theorem theorem1:
  fixes N :: nat
  assumes "N \<ge> 1"
  shows "\<exists>Z \<in> null_sets (Pi\<^sub>M {..N} (\<lambda>_. lborel)).
    \<forall>h h'. h \<in> space (Pi\<^sub>M {..N} (\<lambda>_. lborel)) \<longrightarrow>
           h' \<in> space (Pi\<^sub>M {..N} (\<lambda>_. lborel)) \<longrightarrow>
           h \<notin> Z \<longrightarrow> h' \<notin> Z \<longrightarrow>
           h 0 = h' 0 \<longrightarrow> h 1 = h' 1 \<longrightarrow>
           (\<forall>s::complex. invertible_mat (resolvent_arg N h s) \<longrightarrow>
                invertible_mat (resolvent_arg N h' s) \<longrightarrow>
                transfer_fn N h s = transfer_fn N h' s) \<longrightarrow>
           (\<forall>i\<in>{2..N}. \<bar>h i\<bar> = \<bar>h' i\<bar>)"
proof (rule bexI[OF _ null_sets_coordinate_hyperplanes], intro allI impI ballI)
  fix h h' :: "nat \<Rightarrow> real" and i
  assume "h \<in> space (Pi\<^sub>M {..N} (\<lambda>_. lborel))"
    and "h \<notin> {x \<in> space (Pi\<^sub>M {..N} (\<lambda>_. lborel)). \<exists>j\<in>{..N}. x j = 0}"
  then have nz: "h j \<noteq> 0" if "j \<le> N" for j
    using that by auto
  assume h0: "h 0 = h' 0"
    and G: "\<forall>s. invertible_mat (resolvent_arg N h s) \<longrightarrow>
                invertible_mat (resolvent_arg N h' s) \<longrightarrow>
                transfer_fn N h s = transfer_fn N h' s"
    and i: "i \<in> {2..N}"
  have "invertible_mat (resolvent_arg N g (complex_of_real r))" if "r > 0" for g r
    by (rule resolvent_pos_real_inverse[OF that])
  then have "transfer_fn N h (complex_of_real r) = transfer_fn N h' (complex_of_real r)" if "r > 0" for r
    using G that by blast
  then have "same_tail_ratio N h h' 1"
    using equal_transfer_same_tail_ratio[of h' h] h0 nz[of 0] by simp
  then have "same_tail_ratio N h h' i"
    using same_tail_ratio_propagate[of N h h' i] nz i by simp
  then have "(h i)\<^sup>2 = (h' i)\<^sup>2"
    using same_tail_ratio_step[of i N h h'] i by simp
  then show "\<bar>h i\<bar> = \<bar>h' i\<bar>"
    by (metis abs_power2 power2_abs real_sqrt_abs)
qed simp

end
(* In the social learning model, suppose $G_-$ and $G_+$ are continuous and the left tail of $G_-$ is convex and differentiable. Then for every $L\in\mathbb{R}$ there exists $m_L>0$ such that for every $t\ge1$ and every $x\ge L$ with $\mathbb{P}_+(\ell_t=x)>0$, $$\mathbb{P}_+(E_t\mid \ell_t=x)\ge m_L.$$
   Context: Social learning model. A state $\theta\in\{-1,+1\}$ is drawn with $\mathbb{P}(\theta=+1)=\mathbb{P}(\theta=-1)=1/2$. Agents $t=1,2,\dots$ receive private signals $s_t\in\mathbb{R}$ that are i.i.d. conditionally on $\theta$, with CDF $F_+$ if $\theta=+1$ and $F_-$ if $\theta=-1$; $F_+$ and $F_-$ are mutually absolutely continuous. Let $L_t=\log\frac{\mathbb{P}(\theta=+1\mid s_t)}{\mathbb{P}(\theta=-1\mid s_t)}$ be the private log-likelihood ratio, and let $G_+$, $G_-$ denote the CDFs of $L_t$ conditional on $\theta=+1$, $\theta=-1$ respectively. Signals are assumed unbounded: for every $M\in\mathbb{R}$, $\mathbb{P}(L_t>M)>0$ and $\mathbb{P}(L_t<-M)>0$. Agent $t$ observes $a_1,\dots,a_{t-1}$ and her own signal and chooses $a_t\in\{-1,+1\}$ (utility $1$ if $a_t=\theta$, else $0$). The public belief is $\mu_t=\mathbb{P}(\theta=+1\mid a_1,\dots,a_{t-1})$ and $\ell_t=\log\frac{\mu_t}{1-\mu_t}$ (so $\ell_1=0$). In equilibrium $a_t=+1$ iff $\ell_t+L_t>0$, and otherwise $a_t=-1$. Consequently $\ell_{t+1}=\ell_t+D_+(\ell_t)$ if $a_t=+1$ and $\ell_{t+1}=\ell_t+D_-(\ell_t)$ if $a_t=-1$, where $D_+(x)=\log\frac{1-G_+(-x)}{1-G_-(-x)}$ and $D_-(x)=\log\frac{G_+(-x)}{G_-(-x)}$. We write $\mathbb{P}_+(\cdot)=\mathbb{P}(\cdot\mid\theta=+1)$ and $\mathbb{E}_+$ for the corresponding expectation. "The left tail of $G_-$ is convex and differentiable" means: there exists $x_0\in\mathbb{R}$ such that the restriction of $G_-$ to $(-\infty,x_0)$ is convex and differentiable. $E_t$ denotes the event that $a_\tau=+1$ for all $\tau\ge t$. *)

theory Defs
  imports "HOL-Probability.Probability"
begin

text \<open>The signal laws F+ and F- are probability measures
 mu_p and mu_m on the reals. Conditionally on theta = +1 the signal sequence is
 i.i.d. with law mu_p, i.e. P_+ is the infinite product measure; a point
 w :: nat => real of it gives the signal w t of agent t (t >= 1; w 0 is unused).\<close>

definition Pplus :: "real measure \<Rightarrow> (nat \<Rightarrow> real) measure" where
  "Pplus mu_p = PiM UNIV (\<lambda>_. mu_p)"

#####

Could you reproduce, exactly, every line above from the line with "by (metis abs_power2" to the line with "(* In the social", and no other line? Both ends count.

ANSWER SPACE
    by (metis abs_power2 power2_abs real_sqrt_abs)
qed simp

end
(* In the social learning model, suppose $G_-$ and $G_+$ are continuous and the left tail of $G_-$ is convex and differentiable. Then for every $L\in\mathbb{R}$ there exists $m_L>0$ such that for every $t\ge1$ and every $x\ge L$ with $\mathbb{P}_+(\ell_t=x)>0$, $$\mathbb{P}_+(E_t\mid \ell_t=x)\ge m_L.$$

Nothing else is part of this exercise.